Manure should not be applied to the forage stand before harvest as this introduces undesirable bacteria to the forage which may stimulate mold growth. Raking seems to make the problem worse. Rain during wilting may splash soil-borne bacteria and mold onto the forage. Manure contamination will spoil a pocket of the bale but not necessarily the entire bale unless other problems exist.

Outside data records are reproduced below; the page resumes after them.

lemma hexagon_isoperimetric:
  fixes q d a b c :: int
  assumes "q = 3 * d - a - b - c"
  shows "6 * (d * d - a * a - b * b - c * c) \<le> q\<^sup>2 - isoperimetric_defect q"
proof -
  have "odd q \<Longrightarrow> 2 * d - q \<noteq> 0" by presburger
  then have "(if even q then 0 else 3) \<le> 3 * (2 * d - q)\<^sup>2"
    using one_le_square[of "2 * d - q"] by auto
  moreover have "(if 3 dvd q then 0 else 4) \<le> 2 * ((a - b)\<^sup>2 + (b - c)\<^sup>2 + (c - a)\<^sup>2)"
  proof (cases "a = b \<and> b = c")
    case False
    then have "a - b \<noteq> 0 \<and> b - c \<noteq> 0 \<or> b - c \<noteq> 0 \<and> c - a \<noteq> 0 \<or> c - a \<noteq> 0 \<and> a - b \<noteq> 0"
      by auto
    then have "2 \<le> (a - b)\<^sup>2 + (b - c)\<^sup>2 + (c - a)\<^sup>2"
      using one_le_square[of "a - b"] one_le_square[of "b - c"] one_le_square[of "c - a"]
        zero_le_power2[of "a - b"] zero_le_power2[of "b - c"] zero_le_power2[of "c - a"]
      by linarith
    then show ?thesis by auto
  qed (use assms in auto)
  ultimately show ?thesis
    using hexagon_area_identity[OF assms] unfolding isoperimetric_defect_def by linarith
qed

lemma abs_le_one_if_square_le_three: "(x::int)\<^sup>2 \<le> 3 \<Longrightarrow> \<bar>x\<bar> \<le> 1"
  using abs_le_square_iff[of 2 x] by simp

lemma sorted_three_wlog:
  fixes P :: "'a::linorder \<Rightarrow> 'a \<Rightarrow> 'a \<Rightarrow> bool"
  assumes sorted: "\<And>a b c. a \<le> b \<Longrightarrow> b \<le> c \<Longrightarrow> P a b c"
    and swap: "\<And>a b c. P a b c \<Longrightarrow> P a c b"
    and rotate: "\<And>a b c. P a b c \<Longrightarrow> P c a b"
  shows "P a b c"
  by (metis linorder_le_cases sorted swap rotate)

section \<open>Hexagons of least defect are quasi-regular\<close>

lemma base_hexagons_eq:
  assumes "1 \<le> r"
  shows "{E0 r, EB1 r, EB2 r, EB3 r, EB4 r, EB5 r} =
    {hexagon (3 * int r) (int r) (int r) (int r), hexagon (3 * int r) (int r - 1) (int r) (int r),
     hexagon (3 * int r + 1) (int r) (int r) (int r + 1), hexagon (3 * int r + 1) (int r) (int r) (int r),
     hexagon (3 * int r + 2) (int r) (int r + 1) (int r + 1),
     hexagon (3 * int r + 2) (int r) (int r) (int r + 1)}"
  using assms unfolding E0_def EB1_def EB2_def EB3_def EB4_def EB5_def T_hex_eq_hexagon
  by (simp add: of_nat_diff ac_simps)

lemma quasi_regular_base_hexagons:
  fixes r :: int
  assumes "1 \<le> r"
  shows "hexagon (3 * r) r r r \<in> quasi_regular" "hexagon (3 * r) (r - 1) r r \<in> quasi_regular"
    "hexagon (3 * r + 1) r r (r + 1) \<in> quasi_regular" "hexagon (3 * r + 1) r r r \<in> quasi_regular"
    "hexagon (3 * r + 2) r (r + 1) (r + 1) \<in> quasi_regular"
    "hexagon (3 * r + 2) r r (r + 1) \<in> quasi_regular"
proof -
  obtain n where n: "1 \<le> n" "r = int n"
    using assms by (intro that[of "nat r"]) auto
  from quasi_regular_base[OF n(1)] show "hexagon (3 * r) r r r \<in> quasi_regular"
    "hexagon (3 * r) (r - 1) r r \<in> quasi_regular"
    "hexagon (3 * r + 1) r r (r + 1) \<in> quasi_regular" "hexagon (3 * r + 1) r r r \<in> quasi_regular"
    "hexagon (3 * r + 2) r (r + 1) (r + 1) \<in> quasi_regular"
    "hexagon (3 * r + 2) r r (r + 1) \<in> quasi_regular"
    unfolding base_hexagons_eq[OF n(1)] n(2) by simp_all
qed

lemma quasi_regular_hexagon_sorted:
  fixes d a b c :: int
  assumes "a \<le> b" "b \<le> c" "c \<le> a + 1" "a + b + c \<le> d" "d \<le> a + b + c + 1" "6 \<le> 3 * d - a - b - c"
  shows "hexagon d a b c \<in> quasi_regular"
proof -
  have "b = a \<and> c = a \<or> b = a \<and> c = a + 1 \<or> b = a + 1 \<and> c = a + 1"
    using assms(1-3) by arith
  moreover have "d = a + b + c \<or> d = a + b + c + 1"
    using assms(4,5) by arith
  ultimately show ?thesis
  proof (elim disjE conjE)
    assume "b = a" "c = a" "d = a + b + c"
    moreover from this assms(6) have "1 \<le> a" by presburger
    ultimately show ?thesis using quasi_regular_base_hexagons(1)[of a]
      by (simp add: algebra_simps)
  next
    assume "b = a" "c = a" "d = a + b + c + 1"
    moreover from this assms(6) have "1 \<le> a" by presburger
    ultimately show ?thesis using quasi_regular_base_hexagons(4)[of a]
      by (simp add: algebra_simps)
  next
    assume "b = a" "c = a + 1" "d = a + b + c"
    moreover from this assms(6) have "1 \<le> a" by presburger
    ultimately show ?thesis using quasi_regular_base_hexagons(3)[of a]
      by (simp add: algebra_simps)
  next
    assume "b = a" "c = a + 1" "d = a + b + c + 1"
    moreover from this assms(6) have "1 \<le> a" by presburger
    ultimately show ?thesis using quasi_regular_base_hexagons(6)[of a]
      by (simp add: algebra_simps)
  next
    assume "b = a + 1" "c = a + 1" "d = a + b + c"
    moreover from this assms(6) have "1 \<le> a" by presburger
    ultimately show ?thesis using quasi_regular_base_hexagons(5)[of a]
      by (simp add: algebra_simps)
  next
    assume "b = a + 1" "c = a + 1" "d = a + b + c + 1"
    moreover from this assms(6) have "1 \<le> a + 1" by presburger
    ultimately show ?thesis using quasi_regular_base_hexagons(2)[of "a + 1"]
      by (simp add: algebra_simps)
  qed
qed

We recognize that baleage does not reach as low a pH as chopped haylage. This means that greater emphasis must be put on good silage-making processes, especially the exclusion of oxygen. The length of storage time and how long the bales are exposed to oxygen before feed out must be adjusted to weather conditions. In general, successful use of baleage will involve:
Weather conditions are the prime reason that most people try the round bale silage system. The quality of the material produced, the use of existing equipment and the ability of scheduling harvesting operations to reduce the weather risk have increased the popularity of the system. It offers flexibility and the ability to store forage quickly if required. These reasons will increase the use of round bale silage in the future. It will be fed in more operations for longer periods of the year. Greater attention to the silage-making process will be needed to maintain the quality of the feed with these increased demands.